Would you transcribe the data word for word?

==== RECORDS SHOWN

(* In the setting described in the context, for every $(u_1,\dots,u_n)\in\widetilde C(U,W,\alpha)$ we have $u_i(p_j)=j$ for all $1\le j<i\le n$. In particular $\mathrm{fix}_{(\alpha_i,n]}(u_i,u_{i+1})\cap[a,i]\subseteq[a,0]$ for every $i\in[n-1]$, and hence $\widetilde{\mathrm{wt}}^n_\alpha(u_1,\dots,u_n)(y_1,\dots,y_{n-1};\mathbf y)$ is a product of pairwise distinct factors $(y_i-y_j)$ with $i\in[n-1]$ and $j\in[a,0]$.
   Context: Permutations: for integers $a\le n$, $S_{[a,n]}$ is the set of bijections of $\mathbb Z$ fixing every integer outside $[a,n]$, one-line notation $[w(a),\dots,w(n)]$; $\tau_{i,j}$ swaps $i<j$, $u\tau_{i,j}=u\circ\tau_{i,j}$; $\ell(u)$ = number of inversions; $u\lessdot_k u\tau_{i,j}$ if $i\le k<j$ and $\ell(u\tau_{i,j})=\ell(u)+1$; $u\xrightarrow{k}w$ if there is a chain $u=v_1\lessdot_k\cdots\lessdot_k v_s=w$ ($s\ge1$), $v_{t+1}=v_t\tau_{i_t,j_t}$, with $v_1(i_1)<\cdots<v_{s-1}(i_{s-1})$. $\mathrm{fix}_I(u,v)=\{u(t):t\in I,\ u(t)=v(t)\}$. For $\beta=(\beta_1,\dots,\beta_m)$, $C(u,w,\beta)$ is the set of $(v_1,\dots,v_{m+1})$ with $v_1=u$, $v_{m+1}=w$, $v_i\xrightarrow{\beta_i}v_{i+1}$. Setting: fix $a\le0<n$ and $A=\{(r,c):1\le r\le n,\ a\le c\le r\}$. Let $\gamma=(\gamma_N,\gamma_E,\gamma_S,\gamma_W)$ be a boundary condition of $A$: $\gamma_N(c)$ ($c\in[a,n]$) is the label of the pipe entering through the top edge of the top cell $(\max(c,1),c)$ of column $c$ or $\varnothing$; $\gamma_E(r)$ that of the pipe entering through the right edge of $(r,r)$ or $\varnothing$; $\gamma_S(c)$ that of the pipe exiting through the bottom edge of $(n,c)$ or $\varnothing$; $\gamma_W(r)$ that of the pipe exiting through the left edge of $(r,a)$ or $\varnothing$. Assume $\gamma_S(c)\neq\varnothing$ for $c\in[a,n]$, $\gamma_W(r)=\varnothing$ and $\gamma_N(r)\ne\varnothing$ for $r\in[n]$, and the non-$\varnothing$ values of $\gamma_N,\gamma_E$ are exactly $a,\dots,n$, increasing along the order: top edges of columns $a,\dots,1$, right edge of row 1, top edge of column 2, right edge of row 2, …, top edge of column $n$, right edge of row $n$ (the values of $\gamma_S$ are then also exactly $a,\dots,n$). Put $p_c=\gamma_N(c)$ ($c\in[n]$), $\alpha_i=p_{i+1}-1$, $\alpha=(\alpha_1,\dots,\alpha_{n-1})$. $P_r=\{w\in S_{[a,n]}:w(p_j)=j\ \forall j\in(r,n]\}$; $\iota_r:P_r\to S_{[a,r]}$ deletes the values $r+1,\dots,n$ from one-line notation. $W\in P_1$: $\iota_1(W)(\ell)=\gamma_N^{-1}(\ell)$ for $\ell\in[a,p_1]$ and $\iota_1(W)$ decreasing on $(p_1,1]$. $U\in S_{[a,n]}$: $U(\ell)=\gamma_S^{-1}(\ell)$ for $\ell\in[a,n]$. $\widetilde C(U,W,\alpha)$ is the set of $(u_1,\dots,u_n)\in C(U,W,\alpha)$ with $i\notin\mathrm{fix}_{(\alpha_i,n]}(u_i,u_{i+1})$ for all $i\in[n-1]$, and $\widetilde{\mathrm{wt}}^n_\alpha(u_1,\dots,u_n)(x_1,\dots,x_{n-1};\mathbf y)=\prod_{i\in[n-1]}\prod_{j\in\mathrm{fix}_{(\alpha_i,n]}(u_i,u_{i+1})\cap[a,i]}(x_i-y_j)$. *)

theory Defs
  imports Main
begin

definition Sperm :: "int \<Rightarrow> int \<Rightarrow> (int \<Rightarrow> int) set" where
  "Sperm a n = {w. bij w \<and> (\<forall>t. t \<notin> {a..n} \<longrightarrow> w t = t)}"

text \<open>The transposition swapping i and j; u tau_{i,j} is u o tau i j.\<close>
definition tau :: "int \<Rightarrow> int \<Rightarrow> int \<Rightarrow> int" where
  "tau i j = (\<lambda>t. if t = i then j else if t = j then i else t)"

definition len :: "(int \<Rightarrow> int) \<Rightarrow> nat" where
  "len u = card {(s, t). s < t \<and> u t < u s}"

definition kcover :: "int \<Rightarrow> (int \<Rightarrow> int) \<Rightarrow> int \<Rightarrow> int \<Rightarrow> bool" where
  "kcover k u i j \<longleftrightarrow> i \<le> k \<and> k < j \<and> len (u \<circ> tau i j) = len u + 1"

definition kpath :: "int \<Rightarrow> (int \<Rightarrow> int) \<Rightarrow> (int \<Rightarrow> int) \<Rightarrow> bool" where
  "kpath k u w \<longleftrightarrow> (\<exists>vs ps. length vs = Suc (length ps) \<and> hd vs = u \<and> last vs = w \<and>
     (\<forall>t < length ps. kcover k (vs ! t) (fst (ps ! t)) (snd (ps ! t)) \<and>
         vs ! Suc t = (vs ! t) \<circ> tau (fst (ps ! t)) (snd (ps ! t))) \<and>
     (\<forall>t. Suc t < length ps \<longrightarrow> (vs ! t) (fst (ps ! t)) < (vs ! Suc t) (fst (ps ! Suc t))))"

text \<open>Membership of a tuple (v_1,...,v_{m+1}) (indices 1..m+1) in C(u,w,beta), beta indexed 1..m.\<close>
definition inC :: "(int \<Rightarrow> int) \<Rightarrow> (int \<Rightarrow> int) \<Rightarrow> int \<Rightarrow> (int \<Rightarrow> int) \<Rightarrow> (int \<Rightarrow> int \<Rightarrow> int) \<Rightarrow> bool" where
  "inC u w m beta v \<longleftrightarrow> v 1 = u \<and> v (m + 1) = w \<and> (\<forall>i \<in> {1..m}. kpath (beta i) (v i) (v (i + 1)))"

========

ANSWER SPACE:
(* In the setting described in the context, for every $(u_1,\dots,u_n)\in\widetilde C(U,W,\alpha)$ we have $u_i(p_j)=j$ for all $1\le j<i\le n$. In particular $\mathrm{fix}_{(\alpha_i,n]}(u_i,u_{i+1})\cap[a,i]\subseteq[a,0]$ for every $i\in[n-1]$, and hence $\widetilde{\mathrm{wt}}^n_\alpha(u_1,\dots,u_n)(y_1,\dots,y_{n-1};\mathbf y)$ is a product of pairwise distinct factors $(y_i-y_j)$ with $i\in[n-1]$ and $j\in[a,0]$.
   Context: Permutations: for integers $a\le n$, $S_{[a,n]}$ is the set of bijections of $\mathbb Z$ fixing every integer outside $[a,n]$, one-line notation $[w(a),\dots,w(n)]$; $\tau_{i,j}$ swaps $i<j$, $u\tau_{i,j}=u\circ\tau_{i,j}$; $\ell(u)$ = number of inversions; $u\lessdot_k u\tau_{i,j}$ if $i\le k<j$ and $\ell(u\tau_{i,j})=\ell(u)+1$; $u\xrightarrow{k}w$ if there is a chain $u=v_1\lessdot_k\cdots\lessdot_k v_s=w$ ($s\ge1$), $v_{t+1}=v_t\tau_{i_t,j_t}$, with $v_1(i_1)<\cdots<v_{s-1}(i_{s-1})$. $\mathrm{fix}_I(u,v)=\{u(t):t\in I,\ u(t)=v(t)\}$. For $\beta=(\beta_1,\dots,\beta_m)$, $C(u,w,\beta)$ is the set of $(v_1,\dots,v_{m+1})$ with $v_1=u$, $v_{m+1}=w$, $v_i\xrightarrow{\beta_i}v_{i+1}$. Setting: fix $a\le0<n$ and $A=\{(r,c):1\le r\le n,\ a\le c\le r\}$. Let $\gamma=(\gamma_N,\gamma_E,\gamma_S,\gamma_W)$ be a boundary condition of $A$: $\gamma_N(c)$ ($c\in[a,n]$) is the label of the pipe entering through the top edge of the top cell $(\max(c,1),c)$ of column $c$ or $\varnothing$; $\gamma_E(r)$ that of the pipe entering through the right edge of $(r,r)$ or $\varnothing$; $\gamma_S(c)$ that of the pipe exiting through the bottom edge of $(n,c)$ or $\varnothing$; $\gamma_W(r)$ that of the pipe exiting through the left edge of $(r,a)$ or $\varnothing$. Assume $\gamma_S(c)\neq\varnothing$ for $c\in[a,n]$, $\gamma_W(r)=\varnothing$ and $\gamma_N(r)\ne\varnothing$ for $r\in[n]$, and the non-$\varnothing$ values of $\gamma_N,\gamma_E$ are exactly $a,\dots,n$, increasing along the order: top edges of columns $a,\dots,1$, right edge of row 1, top edge of column 2, right edge of row 2, …, top edge of column $n$, right edge of row $n$ (the values of $\gamma_S$ are then also exactly $a,\dots,n$). Put $p_c=\gamma_N(c)$ ($c\in[n]$), $\alpha_i=p_{i+1}-1$, $\alpha=(\alpha_1,\dots,\alpha_{n-1})$. $P_r=\{w\in S_{[a,n]}:w(p_j)=j\ \forall j\in(r,n]\}$; $\iota_r:P_r\to S_{[a,r]}$ deletes the values $r+1,\dots,n$ from one-line notation. $W\in P_1$: $\iota_1(W)(\ell)=\gamma_N^{-1}(\ell)$ for $\ell\in[a,p_1]$ and $\iota_1(W)$ decreasing on $(p_1,1]$. $U\in S_{[a,n]}$: $U(\ell)=\gamma_S^{-1}(\ell)$ for $\ell\in[a,n]$. $\widetilde C(U,W,\alpha)$ is the set of $(u_1,\dots,u_n)\in C(U,W,\alpha)$ with $i\notin\mathrm{fix}_{(\alpha_i,n]}(u_i,u_{i+1})$ for all $i\in[n-1]$, and $\widetilde{\mathrm{wt}}^n_\alpha(u_1,\dots,u_n)(x_1,\dots,x_{n-1};\mathbf y)=\prod_{i\in[n-1]}\prod_{j\in\mathrm{fix}_{(\alpha_i,n]}(u_i,u_{i+1})\cap[a,i]}(x_i-y_j)$. *)

theory Defs
  imports Main
begin

definition Sperm :: "int \<Rightarrow> int \<Rightarrow> (int \<Rightarrow> int) set" where
  "Sperm a n = {w. bij w \<and> (\<forall>t. t \<notin> {a..n} \<longrightarrow> w t = t)}"

text \<open>The transposition swapping i and j; u tau_{i,j} is u o tau i j.\<close>
definition tau :: "int \<Rightarrow> int \<Rightarrow> int \<Rightarrow> int" where
  "tau i j = (\<lambda>t. if t = i then j else if t = j then i else t)"

definition len :: "(int \<Rightarrow> int) \<Rightarrow> nat" where
  "len u = card {(s, t). s < t \<and> u t < u s}"

definition kcover :: "int \<Rightarrow> (int \<Rightarrow> int) \<Rightarrow> int \<Rightarrow> int \<Rightarrow> bool" where
  "kcover k u i j \<longleftrightarrow> i \<le> k \<and> k < j \<and> len (u \<circ> tau i j) = len u + 1"

definition kpath :: "int \<Rightarrow> (int \<Rightarrow> int) \<Rightarrow> (int \<Rightarrow> int) \<Rightarrow> bool" where
  "kpath k u w \<longleftrightarrow> (\<exists>vs ps. length vs = Suc (length ps) \<and> hd vs = u \<and> last vs = w \<and>
     (\<forall>t < length ps. kcover k (vs ! t) (fst (ps ! t)) (snd (ps ! t)) \<and>
         vs ! Suc t = (vs ! t) \<circ> tau (fst (ps ! t)) (snd (ps ! t))) \<and>
     (\<forall>t. Suc t < length ps \<longrightarrow> (vs ! t) (fst (ps ! t)) < (vs ! Suc t) (fst (ps ! Suc t))))"

text \<open>Membership of a tuple (v_1,...,v_{m+1}) (indices 1..m+1) in C(u,w,beta), beta indexed 1..m.\<close>
definition inC :: "(int \<Rightarrow> int) \<Rightarrow> (int \<Rightarrow> int) \<Rightarrow> int \<Rightarrow> (int \<Rightarrow> int) \<Rightarrow> (int \<Rightarrow> int \<Rightarrow> int) \<Rightarrow> bool" where
  "inC u w m beta v \<longleftrightarrow> v 1 = u \<and> v (m + 1) = w \<and> (\<forall>i \<in> {1..m}. kpath (beta i) (v i) (v (i + 1)))"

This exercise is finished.